▸ INPUT DATA
lemma trajectory_locally_close:
  assumes "0 \<le> s" "0 < e"
  obtains h where "0 < h"
    "\<And>p q r. s \<le> p \<Longrightarrow> p \<le> r \<Longrightarrow> r \<le> q \<Longrightarrow> q \<le> t \<Longrightarrow> q - p \<le> h \<Longrightarrow>
      norm (disp y p - disp y r) \<le> e \<and> inner (vel y q - vel y r) (vel y r) \<le> e"
proof -
  obtain B where B: "0 \<le> B" "\<And>r. r \<in> {s..t} \<Longrightarrow> norm (disp y r) \<le> B"
    "\<And>r. r \<in> {s..t} \<Longrightarrow> norm (vel y r) \<le> B"
    by (rule trajectory_bounded[OF assms(1), of t y]) iprover
  have "continuous_on {s..t} (disp y)" "continuous_on {s..t} (vel y)"
    using solution(1,2)[of y] assms(1) by (auto intro: continuous_on_subset)
  then have "uniformly_continuous_on {s..t} (disp y)" "uniformly_continuous_on {s..t} (vel y)"
    by (simp_all add: compact_uniformly_continuous)
  moreover have "0 < e / (B + 1)"
    using assms(2) B(1) by simp
  ultimately obtain h1 h2 where h1: "0 < h1"
      "\<And>r r'. r \<in> {s..t} \<Longrightarrow> r' \<in> {s..t} \<Longrightarrow> dist r' r < h1 \<Longrightarrow> dist (disp y r') (disp y r) < e"
    and h2: "0 < h2"
      "\<And>r r'. r \<in> {s..t} \<Longrightarrow> r' \<in> {s..t} \<Longrightarrow> dist r' r < h2 \<Longrightarrow> dist (vel y r') (vel y r) < e / (B + 1)"
    using assms(2) unfolding uniformly_continuous_on_def by metis
  have "norm (disp y p - disp y r) \<le> e \<and> inner (vel y q - vel y r) (vel y r) \<le> e"
    if "s \<le> p" "p \<le> r" "r \<le> q" "q \<le> t" "q - p \<le> min h1 h2 / 2" for p q r
  proof
    have "dist p r < h1" "dist q r < h2"
      using that h1(1) h2(1) by (auto simp: dist_real_def)
    then have "dist (disp y p) (disp y r) < e" "dist (vel y q) (vel y r) < e / (B + 1)"
      using h1(2)[of r p] h2(2)[of r q] that by auto
    then show "norm (disp y p - disp y r) \<le> e"
      by (simp add: dist_norm)
    have "inner (vel y q - vel y r) (vel y r) \<le> norm (vel y q - vel y r) * norm (vel y r)"
      by (rule norm_cauchy_schwarz)
    also have "\<dots> \<le> e / (B + 1) * B"
      using \<open>dist (vel y q) (vel y r) < e / (B + 1)\<close> B(3)[of r] that \<open>0 < e / (B + 1)\<close>
      by (intro mult_mono) (auto simp: dist_norm)
    also have "\<dots> \<le> e"
      using assms(2) B(1) by (simp add: field_simps)
    finally show "inner (vel y q - vel y r) (vel y r) \<le> e" .
  qed
  moreover have "0 < min h1 h2 / 2"
    using h1(1) h2(1) by simp
  ultimately show ?thesis
    using that by blast
qed

text \<open>The weak formulation only yields increments of \<open>(u\<^sub>t, w)\<close> for a fixed test function \<open>w\<close>:
  on short intervals the multiplier \<open>u\<close> is frozen at the left endpoint, and the errors are
  controlled by uniform continuity of the trajectory.\<close>

lemma multiplier_ineq_approx:
  assumes "0 \<le> s" "s \<le> t" "0 < e"
    and "G integrable_on {s..t}" "\<Lambda> integrable_on {s..t}" "\<And>r. 0 \<le> \<Lambda> r"
    and G: "AE r in lborel. r \<in> {s..t} \<longrightarrow> (norm (vel y r))\<^sup>2 + weak_rhs y r (disp y r) \<le> G r"
    and \<Lambda>: "AE r in lborel. r \<in> {s..t} \<longrightarrow> (\<forall>z. \<bar>weak_rhs y r z\<bar> \<le> \<Lambda> r * norm z)"
  shows "multiplier y t - multiplier y s \<le> integral {s..t} (\<lambda>r. G r + e * \<Lambda> r + e)"
proof -
  obtain h where "0 < h" and close: "\<And>p q r. s \<le> p \<Longrightarrow> p \<le> r \<Longrightarrow> r \<le> q \<Longrightarrow> q \<le> t \<Longrightarrow> q - p \<le> h \<Longrightarrow>
      norm (disp y p - disp y r) \<le> e \<and> inner (vel y q - vel y r) (vel y r) \<le> e"
    by (rule trajectory_locally_close[OF assms(1,3), of t y]) iprover
  have integrable: "(\<lambda>r. G r + e * \<Lambda> r + e) integrable_on {s..t}"
    by (intro integrable_add integrable_on_mult_right integrable_const_ivl assms(4,5))
  show ?thesis
  proof (rule increment_le_additive_of_local[OF _ \<open>0 < h\<close> _ assms(2)])
    fix p q r
    assume "s \<le> p" "p \<le> q" "q \<le> r" "r \<le> t"
    then show "integral {p..r} (\<lambda>r. G r + e * \<Lambda> r + e)
      = integral {p..q} (\<lambda>r. G r + e * \<Lambda> r + e) + integral {q..r} (\<lambda>r. G r + e * \<Lambda> r + e)"
      using integrable_subinterval_real[OF integrable, of p r]
      by (simp add: Henstock_Kurzweil_Integration.integral_combine[symmetric])
  next
    fix p q
    assume pq: "s \<le> p" "p \<le> q" "q \<le> t" "q - p \<le> h"
    then have sub: "{p..q} \<subseteq> {s..t}"
      by auto
    show "multiplier y q - multiplier y p \<le> integral {p..q} (\<lambda>r. G r + e * \<Lambda> r + e)"
    proof (rule multiplier_increment_le)
      show "0 \<le> p"
        using pq assms(1) by simp
      show "G integrable_on {p..q}" "\<Lambda> integrable_on {p..q}"
        using integrable_subinterval_real[OF assms(4) sub] integrable_subinterval_real[OF assms(5) sub] .
      show "AE r in lborel. r \<in> {p..q} \<longrightarrow> (norm (vel y r))\<^sup>2 + weak_rhs y r (disp y r) \<le> G r"
        by (rule eventually_mono[OF G]) (use sub in blast)
      show "AE r in lborel. r \<in> {p..q} \<longrightarrow> (\<forall>z. \<bar>weak_rhs y r z\<bar> \<le> \<Lambda> r * norm z)"
        by (rule eventually_mono[OF \<Lambda>]) (use sub in blast)
    qed (use pq close assms(6) in auto)
  qed
qed

lemma multiplier_ineq:
  assumes "0 \<le> s" "s \<le> t" and "G integrable_on {s..t}"
    and G: "AE r in lborel. r \<in> {s..t} \<longrightarrow> (norm (vel y r))\<^sup>2 + weak_rhs y r (disp y r) \<le> G r"
  shows "multiplier y t - multiplier y s \<le> integral {s..t} G"
proof -
  obtain \<Lambda> where \<Lambda>: "\<And>r. 0 \<le> \<Lambda> r" "\<Lambda> integrable_on {s..t}"
    "AE r in lborel. r \<in> {s..t} \<longrightarrow> (\<forall>z. \<bar>weak_rhs y r z\<bar> \<le> \<Lambda> r * norm z)"
    by (rule weak_rhs_bound[OF assms(1), of t y]) iprover
  define X where "X = integral {s..t} \<Lambda> + (t - s)"
  have "0 \<le> X"
    unfolding X_def using integral_nonneg[OF \<Lambda>(2)] \<Lambda>(1) assms(2) by force
  have slack: "multiplier y t - multiplier y s \<le> integral {s..t} G + e * X" if "0 < e" for e
  proof -
    have e\<Lambda>: "(\<lambda>r. e * \<Lambda> r) integrable_on {s..t}"
      by (rule integrable_on_mult_right[OF \<Lambda>(2)])
    have "integral {s..t} (\<lambda>r. G r + e * \<Lambda> r + e) = integral {s..t} (\<lambda>r. G r + e * \<Lambda> r) + integral {s..t} (\<lambda>r. e)"
      by (rule integral_add[OF integrable_add[OF assms(3) e\<Lambda>] integrable_const_ivl])
    moreover have "integral {s..t} (\<lambda>r. G r + e * \<Lambda> r) = integral {s..t} G + e * integral {s..t} \<Lambda>"
      using integral_add[OF assms(3) e\<Lambda>] by simp
    ultimately have "integral {s..t} (\<lambda>r. G r + e * \<Lambda> r + e) = integral {s..t} G + e * X"
      unfolding X_def using assms(2) by (simp add: algebra_simps)
    then show ?thesis
      using multiplier_ineq_approx[OF assms(1,2) that assms(3) \<Lambda>(2,1) G \<Lambda>(3)] by simp
  qed
  show ?thesis
  proof (rule field_le_epsilon)
    fix e :: real
    assume "0 < e"
    then have "multiplier y t - multiplier y s \<le> integral {s..t} G + e / (X + 1) * X"
      using slack[of "e / (X + 1)"] \<open>0 \<le> X\<close> by simp
    also have "e / (X + 1) * X \<le> e"
      using \<open>0 < e\<close> \<open>0 \<le> X\<close> by (simp add: field_simps)
    finally show "multiplier y t - multiplier y s \<le> integral {s..t} G + e"
      by simp
  qed
qed

definition "\<theta> = min (c2 / 2) ((1 - \<eta>2) / 2)"

definition "growth R = (1 + 2 * R + 2 * cP) powr \<gamma>"

lemma \<theta>: "0 < \<theta>" "\<theta> \<le> c2 / 2" "\<theta> \<le> (1 - \<eta>2) / 2"
  using AB2_ii(2,3) unfolding \<theta>_def by (auto simp: min_def)

lemma growth_ge_1: "0 \<le> R \<Longrightarrow> 1 \<le> growth R"
  unfolding growth_def using cP_nonneg \<gamma> by (intro ge_one_powr_ge_zero) auto

lemma multiplier_rate_pointwise:
  assumes "energy_full Pi0 Pi1 u (\<iota> v) \<le> R"
  shows "(norm (\<iota> v))\<^sup>2 - (norm u)\<^sup>2 - k * D v u + inner (F u) (\<iota> u)
    \<le> 2 * c0 + \<theta> * cP + c3 - \<theta> * energy_full Pi0 Pi1 u (\<iota> v) + (2 * c1 + c4 * growth R) * D v v"
proof -
  let ?E = "energy_full Pi0 Pi1 u (\<iota> v)"
  have "(1 + energy_E Pi0 u (\<iota> v)) powr \<gamma> \<le> growth R"
    unfolding growth_def using energy_E_bounds(1)[of u "\<iota> v"] energy_E_nonneg[of u "\<iota> v"] assms \<gamma>
    by (intro powr_mono2) auto
  then have weight: "c4 * (1 + energy_E Pi0 u (\<iota> v)) powr \<gamma> * D v v \<le> c4 * growth R * D v v"
    using AB2_ii(5) D_nonneg[of v] by (intro mult_right_mono mult_left_mono) auto
  have "Pi0 u + Pi1 u - (norm u)\<^sup>2 / 4 - cP \<le> 5/4 * Pi0 u"
    using Pi1_bound[of u] unfolding abs_le_iff by argo
  then have "\<theta> * (Pi0 u + Pi1 u - (norm u)\<^sup>2 / 4 - cP) \<le> \<theta> * (5/4) * Pi0 u"
    using \<theta>(1) by (simp add: mult_left_mono)
  also have "\<dots> \<le> c2 * Pi0 u"
    using \<theta>(2) AB2_ii(3) Pi0_nonneg[of u] by (intro mult_right_mono) auto
  finally have Pi0_part: "- c2 * Pi0 u \<le> - \<theta> * ?E + \<theta> * (3/4 * (norm u)\<^sup>2) + \<theta> * ((norm (\<iota> v))\<^sup>2 / 2) + \<theta> * cP"
    unfolding energy_full_def energy_E_def by (simp add: algebra_simps)
  have "\<theta> * (3/4) * (norm u)\<^sup>2 \<le> (1 - \<eta>2) * (norm u)\<^sup>2"
    using \<theta>(1,3) by (intro mult_right_mono) auto
  moreover have "\<theta> * ((norm (\<iota> v))\<^sup>2 / 2) \<le> (norm (\<iota> v))\<^sup>2 / 2"
    using \<theta>(1,3) AB2_ii(1) by (intro mult_left_le_one_le) auto
  ultimately show ?thesis
    using AB2_ii(6)[where u = u and v = v] F_decomp[of u u] AB2_i(3)[of v] weight Pi0_part
      AB2_i(1) mult_nonneg_nonneg[OF less_imp_le[OF AB2_i(2)] D_nonneg[of v]]
    by (simp add: algebra_simps)
qed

▸ WHAT IS EXPECTED
Please transcribe the records exactly from their first line through the line holding "by (rule trajectory_bounded[OF", and leave out all others.

▸ RESPONSE BOX
lemma trajectory_locally_close:
  assumes "0 \<le> s" "0 < e"
  obtains h where "0 < h"
    "\<And>p q r. s \<le> p \<Longrightarrow> p \<le> r \<Longrightarrow> r \<le> q \<Longrightarrow> q \<le> t \<Longrightarrow> q - p \<le> h \<Longrightarrow>
      norm (disp y p - disp y r) \<le> e \<and> inner (vel y q - vel y r) (vel y r) \<le> e"
proof -
  obtain B where B: "0 \<le> B" "\<And>r. r \<in> {s..t} \<Longrightarrow> norm (disp y r) \<le> B"
    "\<And>r. r \<in> {s..t} \<Longrightarrow> norm (vel y r) \<le> B"
    by (rule trajectory_bounded[OF assms(1), of t y]) iprover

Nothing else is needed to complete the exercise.